■ Dataset
-.-.-
lemma comm_ring_hom_partial_eval: "comm_ring_hom (partial_eval n a)"
  unfolding partial_eval_def
  by (rule comm_ring_hom_comp[OF comm_ring_hom_to_univ comm_ring_hom_map_poly[OF comm_ring_hom_eval_mpoly]])

lemma coeff_partial_eval: "coeff (partial_eval n a q) k = eval_mpoly a (coeff (to_univ n q) k)"
  by (simp add: partial_eval_def coeff_map_poly)

lemma partial_eval_const [simp]: "partial_eval n a (const_poly c) = [:c:]"
  and partial_eval_Var_last [simp]: "partial_eval n a (Var n) = [:0, 1:]"
  by (simp_all add: partial_eval_def)

lemma poly_partial_eval:
  assumes "q \<in> polys (Suc n)"
  shows "poly (partial_eval n a q) b = eval_mpoly (a(n := b)) q"
proof -
  have hom: "comm_ring_hom (\<lambda>P. poly (map_poly (eval_mpoly a) P) b)"
    by (rule comm_ring_hom_comp[OF comm_ring_hom_map_poly[OF comm_ring_hom_eval_mpoly] comm_ring_hom_poly])
  have "poly (partial_eval n a q) b =
      eval_hom (\<lambda>c. c) (\<lambda>i. poly (map_poly (eval_mpoly a) (to_univ_Var n i)) b) q"
    unfolding partial_eval_def to_univ_def
    by (simp add: comm_ring_hom.hom_eval_hom[OF comm_ring_hom_const_to_univ hom])
  also have "\<dots> = eval_hom (\<lambda>c. c) (a(n := b)) q"
    by (rule comm_ring_hom.eval_hom_cong[OF comm_ring_hom_id assms])
      (auto simp: to_univ_Var_def less_Suc_eq)
  finally show ?thesis
    by (simp add: eval_mpoly_eq_eval_hom)
qed

definition of_univ :: "nat \<Rightarrow> 'a::comm_ring_1 poly \<Rightarrow> 'a mpoly" where
  "of_univ n k = poly (map_poly const_poly k) (Var n)"

lemma of_univ_polys: "of_univ n k \<in> polys (Suc n)"
  unfolding of_univ_def poly_altdef
  by (intro polys_sum polys_mult polys_power polys_Var) (auto simp: coeff_map_poly)

lemma partial_eval_of_univ: "partial_eval n a (of_univ n k) = k"
proof -
  have "partial_eval n a (of_univ n k) =
      poly (map_poly (partial_eval n a) (map_poly const_poly k)) (partial_eval n a (Var n))"
    unfolding of_univ_def by (rule comm_ring_hom.hom_poly[OF comm_ring_hom_partial_eval])
  also have "map_poly (partial_eval n a) (map_poly const_poly k) = map_poly (\<lambda>c. [:c:]) k"
    by (subst map_poly_map_poly)
      (auto simp: comm_ring_hom.hom_zero[OF comm_ring_hom_partial_eval] o_def)
  finally show ?thesis
    by (simp add: poly_map_const_poly_X)
qed

context
  fixes n :: nat and I :: "'a::comm_ring_1 mpoly set"
  assumes I: "is_ideal n I"
begin

lemma is_ideal_subset: "I \<subseteq> polys n"
  and is_ideal_0: "0 \<in> I"
  and is_ideal_diff: "p \<in> I \<Longrightarrow> q \<in> I \<Longrightarrow> p - q \<in> I"
  and is_ideal_mult: "p \<in> polys n \<Longrightarrow> q \<in> I \<Longrightarrow> p * q \<in> I"
  using I by (simp_all add: is_ideal_def)

lemma is_ideal_add: "p \<in> I \<Longrightarrow> q \<in> I \<Longrightarrow> p + q \<in> I"
  using is_ideal_diff[of p "- q"] is_ideal_diff[OF is_ideal_0, of q] by simp

end

lemma is_ideal_contraction:
  fixes I :: "'a::comm_ring_1 mpoly set"
  assumes "is_ideal (Suc n) I"
  shows "is_ideal n (I \<inter> polys n)"
  unfolding is_ideal_def
proof (intro conjI ballI)
  fix p q :: "'a mpoly" assume "p \<in> polys n" "q \<in> I \<inter> polys n"
  then show "p * q \<in> I \<inter> polys n"
    using is_ideal_mult[OF assms polys_Suc[of p n], of q] by (auto intro: polys_mult)
qed (use is_ideal_0[OF assms] is_ideal_diff[OF assms] in \<open>auto intro: polys_diff\<close>)

section \<open>A Nakayama argument\<close>

definition is_submodule :: "nat \<Rightarrow> 'a::comm_ring_1 mpoly set \<Rightarrow> bool" where
  "is_submodule n W \<longleftrightarrow> 0 \<in> W \<and> (\<forall>x\<in>W. \<forall>y\<in>W. x + y \<in> W) \<and> (\<forall>r\<in>polys n. \<forall>w\<in>W. r * w \<in> W)"

lemma is_submodule_sum: "is_submodule n W \<Longrightarrow> (\<And>x. x \<in> S \<Longrightarrow> f x \<in> W) \<Longrightarrow> sum f S \<in> W"
  by (induction S rule: infinite_finite_induct) (auto simp: is_submodule_def)

lemma is_submodule_ideal: "is_ideal (Suc n) I \<Longrightarrow> is_submodule n I"
  unfolding is_submodule_def using is_ideal_0 is_ideal_add is_ideal_mult polys_Suc by blast

lemma is_submodule_add_cyclic:
  fixes m :: "'a::comm_ring_1 mpoly"
  assumes "is_submodule n W"
  shows "is_submodule n {w + c * m |w c. w \<in> W \<and> c \<in> polys n}"
  unfolding is_submodule_def
proof (intro conjI ballI)
  have "0 = 0 + 0 * m" "0 \<in> W"
    using assms by (simp_all add: is_submodule_def)
  then show "0 \<in> {w + c * m |w c. w \<in> W \<and> c \<in> polys n}"
    using polys_zero by blast
next
  fix x y :: "'a mpoly" assume "x \<in> {w + c * m |w c. w \<in> W \<and> c \<in> polys n}" "y \<in> {w + c * m |w c. w \<in> W \<and> c \<in> polys n}"
  then obtain w1 c1 w2 c2 where "x = w1 + c1 * m" "y = w2 + c2 * m"
    "w1 \<in> W" "w2 \<in> W" "c1 \<in> polys n" "c2 \<in> polys n"
    by blast
  moreover have "x + y = (w1 + w2) + (c1 + c2) * m"
    using calculation by (simp add: algebra_simps)
  moreover have "w1 + w2 \<in> W" "c1 + c2 \<in> polys n"
    using calculation assms by (auto simp: is_submodule_def intro: polys_add)
  ultimately show "x + y \<in> {w + c * m |w c. w \<in> W \<and> c \<in> polys n}"
    by blast
next
  fix r y :: "'a mpoly" assume r: "r \<in> polys n" and "y \<in> {w + c * m |w c. w \<in> W \<and> c \<in> polys n}"
  then obtain w c where "y = w + c * m" "w \<in> W" "c \<in> polys n"
    by blast
  moreover have "r * y = r * w + (r * c) * m"
    using calculation by (simp add: algebra_simps)
  moreover have "r * w \<in> W" "r * c \<in> polys n"
    using calculation assms r by (auto simp: is_submodule_def intro: polys_mult)
  ultimately show "r * y \<in> {w + c * m |w c. w \<in> W \<and> c \<in> polys n}"
    by blast
qed

lemma add_cyclic_subset:
  assumes "W \<subseteq> polys (Suc n)" "m \<in> polys (Suc n)"
  shows "{w + c * m |w c. w \<in> W \<and> c \<in> polys n} \<subseteq> polys (Suc n)"
    and "W \<subseteq> {w + c * m |w c. w \<in> W \<and> c \<in> polys n}"
proof
  fix x assume "x \<in> {w + c * m |w c. w \<in> W \<and> c \<in> polys n}"
  then obtain w c where "x = w + c * m" "w \<in> W" "c \<in> polys n"
    by blast
  then show "x \<in> polys (Suc n)"
    using assms polys_Suc[of c n] by (auto intro!: polys_add polys_mult)
next
  show "W \<subseteq> {w + c * m |w c. w \<in> W \<and> c \<in> polys n}"
  proof
    fix w assume "w \<in> W"
    then show "w \<in> {w + c * m |w c. w \<in> W \<and> c \<in> polys n}"
      by (intro CollectI exI[of _ w] exI[of _ 0]) simp
  qed
qed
-.-.-
Find out how many lines above hold "obtain". Write only the number.

■ Reply to the task
3